Data records:
*** Begin section ***
lemma step_info_sq_dev_le: "step_info_sq_dev n a \<le> 9"
proof -
  have "tr n a b * (- ln (tr n a b) - mean_row_entropy n)\<^sup>2 \<le> 4 + tr n a b" for b
  proof -
    let ?t = "tr n a b" and ?g = "mean_row_entropy n"
    have "0 \<le> - ln ?t"
      using tr_nonneg[of n a b] tr_le_1[of n a b] by (cases "?t = 0") simp_all
    then have "0 \<le> - ln ?t * ?g" using mean_row_entropy_bounds(1) by (rule mult_nonneg_nonneg)
    moreover have "?g\<^sup>2 \<le> 1" using mean_row_entropy_bounds(1,2) by (simp add: power_le_one)
    moreover have "(- ln ?t - ?g)\<^sup>2 = (ln ?t)\<^sup>2 + ?g\<^sup>2 - 2 * (- ln ?t * ?g)"
      by (simp add: power2_eq_square algebra_simps)
    ultimately have "(- ln ?t - ?g)\<^sup>2 \<le> (ln ?t)\<^sup>2 + 1"
      by linarith
    then have "?t * (- ln ?t - ?g)\<^sup>2 \<le> ?t * ((ln ?t)\<^sup>2 + 1)"
      by (rule mult_left_mono) (rule tr_nonneg)
    then show ?thesis using mult_ln_squared_le[OF tr_nonneg tr_le_1, of n a b] by (simp add: algebra_simps)
  qed
  from this[of True] this[of False] show ?thesis
    unfolding step_info_sq_dev_def using tr_sum[of n a] by simp
qed

lemma var_info_0: "var_info 0 = 0"
  by (simp add: var_info_def words_0 info_def mean_info_0)

lemma cov_info_state_0: "cov_info_state 0 = 0"
  by (simp add: cov_info_state_def words_0)

text \<open>The new digit adds the information - ln tr n a b of the transition just taken, whose conditional
  mean row_entropy n a depends on the past only through the current state a; hence the cross term
  with the old deviation is a multiple of cov_info_state n.\<close>

lemma var_info_Suc:
  "var_info (Suc n) = var_info n + 2 * (row_entropy n True - row_entropy n False) * cov_info_state n
                      + (\<Sum>rs\<in>words n. weight rs * step_info_sq_dev n (state rs))"
proof -
  let ?d = "\<lambda>rs. info rs - mean_info n" and ?g = "mean_row_entropy n" and ?G = "row_entropy n"
  have "var_info (Suc n) = (\<Sum>rs\<in>words n. weight rs *
          (tr n (state rs) True * (info rs - ln (tr n (state rs) True) - (mean_info n + ?g))\<^sup>2 +
           tr n (state rs) False * (info rs - ln (tr n (state rs) False) - (mean_info n + ?g))\<^sup>2))"
    using sum_words_Suc_info[where F = "\<lambda>x b. (x - (mean_info n + ?g))\<^sup>2"]
    by (simp add: var_info_def mean_info_Suc)
  also have "\<dots> = (\<Sum>rs\<in>words n. weight rs * (?d rs)\<^sup>2 + 2 * (weight rs * ?d rs * ?G (state rs))
                     - 2 * ?g * (weight rs * ?d rs) + weight rs * step_info_sq_dev n (state rs))"
  proof (intro sum.cong refl)
    fix rs
    have "tr n (state rs) True + tr n (state rs) False = 1" by (rule tr_sum)
    then show "weight rs *
          (tr n (state rs) True * (info rs - ln (tr n (state rs) True) - (mean_info n + ?g))\<^sup>2 +
           tr n (state rs) False * (info rs - ln (tr n (state rs) False) - (mean_info n + ?g))\<^sup>2)
        = weight rs * (?d rs)\<^sup>2 + 2 * (weight rs * ?d rs * ?G (state rs))
          - 2 * ?g * (weight rs * ?d rs) + weight rs * step_info_sq_dev n (state rs)"
      unfolding row_entropy_def step_info_sq_dev_def power2_eq_square by algebra
  qed
  also have "\<dots> = var_info n + 2 * (\<Sum>rs\<in>words n. weight rs * ?d rs * ?G (state rs))
                  + (\<Sum>rs\<in>words n. weight rs * step_info_sq_dev n (state rs))"
    by (simp add: sum.distrib sum_subtractf sum_distrib_left[symmetric] var_info_def sum_weight_centered_info)
  also have "(\<Sum>rs\<in>words n. weight rs * ?d rs * ?G (state rs))
           = (\<Sum>rs\<in>words n. ?G False * (weight rs * ?d rs)
                            + (?G True - ?G False) * (weight rs * (?d rs * of_bool (state rs))))"
    by (intro sum.cong refl) (simp add: algebra_simps)
  also have "\<dots> = (?G True - ?G False) * cov_info_state n"
    by (simp add: sum.distrib sum_distrib_left[symmetric] sum_weight_centered_info cov_info_state_def)
  finally show ?thesis by simp
qed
*** End section ***
WHAT TO WORK ON:
Return, exactly as written, only those lines that run from the one with "by (simp add: sum.distrib sum_distrib_left[symmetric]" to the last line of the data, both of those lines included.

TASK RESULT:
    by (simp add: sum.distrib sum_distrib_left[symmetric] sum_weight_centered_info cov_info_state_def)
  finally show ?thesis by simp
qed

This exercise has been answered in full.